Segment Start: RECORDS FOR THE EXERCISE
lemma tlmul_diff:
  "fin_supp F \<Longrightarrow> fin_supp F' \<Longrightarrow> tlmul a (\<lambda>p. F p - F' p) = (\<lambda>q. tlmul a F q - tlmul a F' q :: 'k::field)"
  unfolding tlmul_eq_pushforward by (rule pushforward_diff)

lemma trmul_diff:
  "fin_supp F \<Longrightarrow> fin_supp F' \<Longrightarrow> trmul (\<lambda>p. F p - F' p) b = (\<lambda>q. trmul F b q - trmul F' b q :: 'k::field)"
  unfolding trmul_eq_pushforward by (rule pushforward_diff)

lemma tlmul_expand:
  "fin_supp F \<Longrightarrow> tlmul a F = (\<lambda>q. \<Sum>p\<in>{p. F p \<noteq> 0}. F p * tpure (a * fst p) (snd p) q :: 'k::field)"
  unfolding tlmul_eq_pushforward by (simp add: pushforward_expand)

lemma trmul_expand:
  "fin_supp F \<Longrightarrow> trmul F b = (\<lambda>q. \<Sum>p\<in>{p. F p \<noteq> 0}. F p * tpure (fst p) (snd p * b) q :: 'k::field)"
  unfolding trmul_eq_pushforward by (simp add: pushforward_expand)

locale field_algebra =
  fixes sc :: "'k::field \<Rightarrow> 'a::{ring,monoid_mult} \<Rightarrow> 'a"
  assumes k_algebra: "k_algebra sc"

sublocale field_algebra \<subseteq> vector_space sc
  using k_algebra by (simp add: k_algebra_def)

context field_algebra
begin

lemma scale_mult_left: "sc c (a * b) = sc c a * b"
  using k_algebra unfolding k_algebra_def by blast

lemma scale_mult_right: "sc c (a * b) = a * sc c b"
  using k_algebra unfolding k_algebra_def by blast

lemma scale_eq_mult_left: "sc c a = sc c 1 * a"
  using scale_mult_left[of c 1 a] by simp

lemma scale_eq_mult_right: "sc c a = a * sc c 1"
  using scale_mult_right[of c a 1] by simp

lemma tensor_eq_tlmul:
  "tensor_eq sc F F' \<Longrightarrow> fin_supp F \<Longrightarrow> fin_supp F' \<Longrightarrow> tensor_eq sc (tlmul a F) (tlmul a F')"
  unfolding tlmul_eq_pushforward
  by (rule tensor_eq_pushforward_tensor_map) (simp_all add: distrib_left scale_mult_right)

lemma tensor_eq_trmul:
  "tensor_eq sc F F' \<Longrightarrow> fin_supp F \<Longrightarrow> fin_supp F' \<Longrightarrow> tensor_eq sc (trmul F b) (trmul F' b)"
  unfolding trmul_eq_pushforward
  by (rule tensor_eq_pushforward_tensor_map) (simp_all add: distrib_right scale_mult_left)

lemma tensor_eq_tlmul_add:
  assumes F: "fin_supp F"
  shows "tensor_eq sc (tlmul (a + b) F) (\<lambda>q. tlmul a F q + tlmul b F q)"
proof -
  have "tensor_eq sc (\<lambda>q. \<Sum>p\<in>{p. F p \<noteq> 0}. F p * tpure ((a + b) * fst p) (snd p) q)
     (\<lambda>q. \<Sum>p\<in>{p. F p \<noteq> 0}. F p * (tpure (a * fst p) (snd p) q + tpure (b * fst p) (snd p) q))"
    by (rule tensor_eq_lincomb[where P="\<lambda>x. tpure ((a + b) * x)"])
       (use F in \<open>auto simp: fin_supp_def distrib_right tensor_eq_tpure_add_left\<close>)
  then show ?thesis
    using F by (simp add: tlmul_expand distrib_left sum.distrib)
qed

lemma tensor_eq_trmul_add:
  assumes F: "fin_supp F"
  shows "tensor_eq sc (trmul F (a + b)) (\<lambda>q. trmul F a q + trmul F b q)"
proof -
  have "tensor_eq sc (\<lambda>q. \<Sum>p\<in>{p. F p \<noteq> 0}. F p * tpure (fst p) (snd p * (a + b)) q)
     (\<lambda>q. \<Sum>p\<in>{p. F p \<noteq> 0}. F p * (tpure (fst p) (snd p * a) q + tpure (fst p) (snd p * b) q))"
    by (rule tensor_eq_lincomb[where P="\<lambda>x y. tpure x (y * (a + b))"])
       (use F in \<open>auto simp: fin_supp_def distrib_left tensor_eq_tpure_add_right\<close>)
  then show ?thesis
    using F by (simp add: trmul_expand distrib_left sum.distrib)
qed

lemma tensor_eq_tlmul_scalar:
  assumes F: "fin_supp F"
  shows "tensor_eq sc (tlmul (sc c 1) F) (\<lambda>q. c * F q)"
proof -
  have "tensor_eq sc (\<lambda>q. \<Sum>p\<in>{p. F p \<noteq> 0}. F p * tpure (sc c 1 * fst p) (snd p) q)
     (\<lambda>q. \<Sum>p\<in>{p. F p \<noteq> 0}. F p * (c * tpure (fst p) (snd p) q))"
    by (rule tensor_eq_lincomb[where P="\<lambda>x. tpure (sc c 1 * x)"])
       (use F in \<open>auto simp: fin_supp_def scale_eq_mult_left[symmetric] tensor_eq_tpure_scale_left\<close>)
  moreover have "(\<lambda>q. c * F q) = (\<lambda>q. \<Sum>p\<in>{p. F p \<noteq> 0}. F p * (c * tpure (fst p) (snd p) q))"
    by (subst fin_supp_expand[OF F]) (simp add: sum_distrib_left algebra_simps)
  ultimately show ?thesis
    using F by (simp add: tlmul_expand)
qed

lemma tensor_eq_trmul_scalar:
  assumes F: "fin_supp F"
  shows "tensor_eq sc (trmul F (sc c 1)) (\<lambda>q. c * F q)"
proof -
  have "tensor_eq sc (\<lambda>q. \<Sum>p\<in>{p. F p \<noteq> 0}. F p * tpure (fst p) (snd p * sc c 1) q)
     (\<lambda>q. \<Sum>p\<in>{p. F p \<noteq> 0}. F p * (c * tpure (fst p) (snd p) q))"
    by (rule tensor_eq_lincomb[where P="\<lambda>x y. tpure x (y * sc c 1)"])
       (use F in \<open>auto simp: fin_supp_def scale_eq_mult_right[symmetric] tensor_eq_tpure_scale_right\<close>)
  moreover have "(\<lambda>q. c * F q) = (\<lambda>q. \<Sum>p\<in>{p. F p \<noteq> 0}. F p * (c * tpure (fst p) (snd p) q))"
    by (subst fin_supp_expand[OF F]) (simp add: sum_distrib_left algebra_simps)
  ultimately show ?thesis
    using F by (simp add: trmul_expand)
qed

lemma tmult_eq_lin_ext: "tmult sc F = lin_ext (\<lambda>p c. sc c (fst p * snd p)) F"
  by (simp add: tmult_def lin_ext_def)

lemma coeff_additive_mult: "coeff_additive (\<lambda>p c. sc c (fst p * snd p))"
  by (simp add: coeff_additive_def scale_left_distrib)

lemma tensor_compatible_mult: "tensor_compatible sc (\<lambda>p c. sc c (fst p * snd p))"
  by (rule tensor_compatibleI[OF coeff_additive_mult])
     (simp_all add: distrib_left distrib_right scale_right_distrib scale_mult_left[symmetric]
       scale_mult_right[symmetric])

lemma tmult_tensor_eq: "tensor_eq sc F F' \<Longrightarrow> fin_supp F \<Longrightarrow> fin_supp F' \<Longrightarrow> tmult sc F = tmult sc F'"
  unfolding tmult_eq_lin_ext by (rule lin_ext_tensor_eq[OF tensor_compatible_mult])

lemma tmult_tlmul: "fin_supp F \<Longrightarrow> tmult sc (tlmul a F) = a * tmult sc F"
  unfolding tmult_eq_lin_ext tlmul_eq_pushforward lin_ext_pushforward[OF _ coeff_additive_mult]
  by (simp add: lin_ext_def sum_distrib_left scale_mult_right mult.assoc)

lemma tmult_trmul: "fin_supp F \<Longrightarrow> tmult sc (trmul F b) = tmult sc F * b"
  unfolding tmult_eq_lin_ext trmul_eq_pushforward lin_ext_pushforward[OF _ coeff_additive_mult]
  by (simp add: lin_ext_def sum_distrib_right scale_mult_left mult.assoc)

lemma tmult_add: "fin_supp F \<Longrightarrow> fin_supp F' \<Longrightarrow> tmult sc (\<lambda>p. F p + F' p) = tmult sc F + tmult sc F'"
  unfolding tmult_eq_lin_ext by (rule lin_ext_add[OF _ _ coeff_additive_mult])

lemma tmult_diff: "fin_supp F \<Longrightarrow> fin_supp F' \<Longrightarrow> tmult sc (\<lambda>p. F p - F' p) = tmult sc F - tmult sc F'"
  unfolding tmult_eq_lin_ext by (rule lin_ext_diff[OF _ _ coeff_additive_mult])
Segment End: RECORDS FOR THE EXERCISE
*YOUR TASK*.
Return a word-for-word copy of the lines above from the one holding "(trmul F (sc" through the one holding "unfolding tmult_eq_lin_ext by (rule lin_ext_tensor_eq[OF", with both of them included and nothing besides.

*SOLVED PROBLEM*.
  shows "tensor_eq sc (trmul F (sc c 1)) (\<lambda>q. c * F q)"
proof -
  have "tensor_eq sc (\<lambda>q. \<Sum>p\<in>{p. F p \<noteq> 0}. F p * tpure (fst p) (snd p * sc c 1) q)
     (\<lambda>q. \<Sum>p\<in>{p. F p \<noteq> 0}. F p * (c * tpure (fst p) (snd p) q))"
    by (rule tensor_eq_lincomb[where P="\<lambda>x y. tpure x (y * sc c 1)"])
       (use F in \<open>auto simp: fin_supp_def scale_eq_mult_right[symmetric] tensor_eq_tpure_scale_right\<close>)
  moreover have "(\<lambda>q. c * F q) = (\<lambda>q. \<Sum>p\<in>{p. F p \<noteq> 0}. F p * (c * tpure (fst p) (snd p) q))"
    by (subst fin_supp_expand[OF F]) (simp add: sum_distrib_left algebra_simps)
  ultimately show ?thesis
    using F by (simp add: trmul_expand)
qed

lemma tmult_eq_lin_ext: "tmult sc F = lin_ext (\<lambda>p c. sc c (fst p * snd p)) F"
  by (simp add: tmult_def lin_ext_def)

lemma coeff_additive_mult: "coeff_additive (\<lambda>p c. sc c (fst p * snd p))"
  by (simp add: coeff_additive_def scale_left_distrib)

lemma tensor_compatible_mult: "tensor_compatible sc (\<lambda>p c. sc c (fst p * snd p))"
  by (rule tensor_compatibleI[OF coeff_additive_mult])
     (simp_all add: distrib_left distrib_right scale_right_distrib scale_mult_left[symmetric]
       scale_mult_right[symmetric])

lemma tmult_tensor_eq: "tensor_eq sc F F' \<Longrightarrow> fin_supp F \<Longrightarrow> fin_supp F' \<Longrightarrow> tmult sc F = tmult sc F'"
  unfolding tmult_eq_lin_ext by (rule lin_ext_tensor_eq[OF tensor_compatible_mult])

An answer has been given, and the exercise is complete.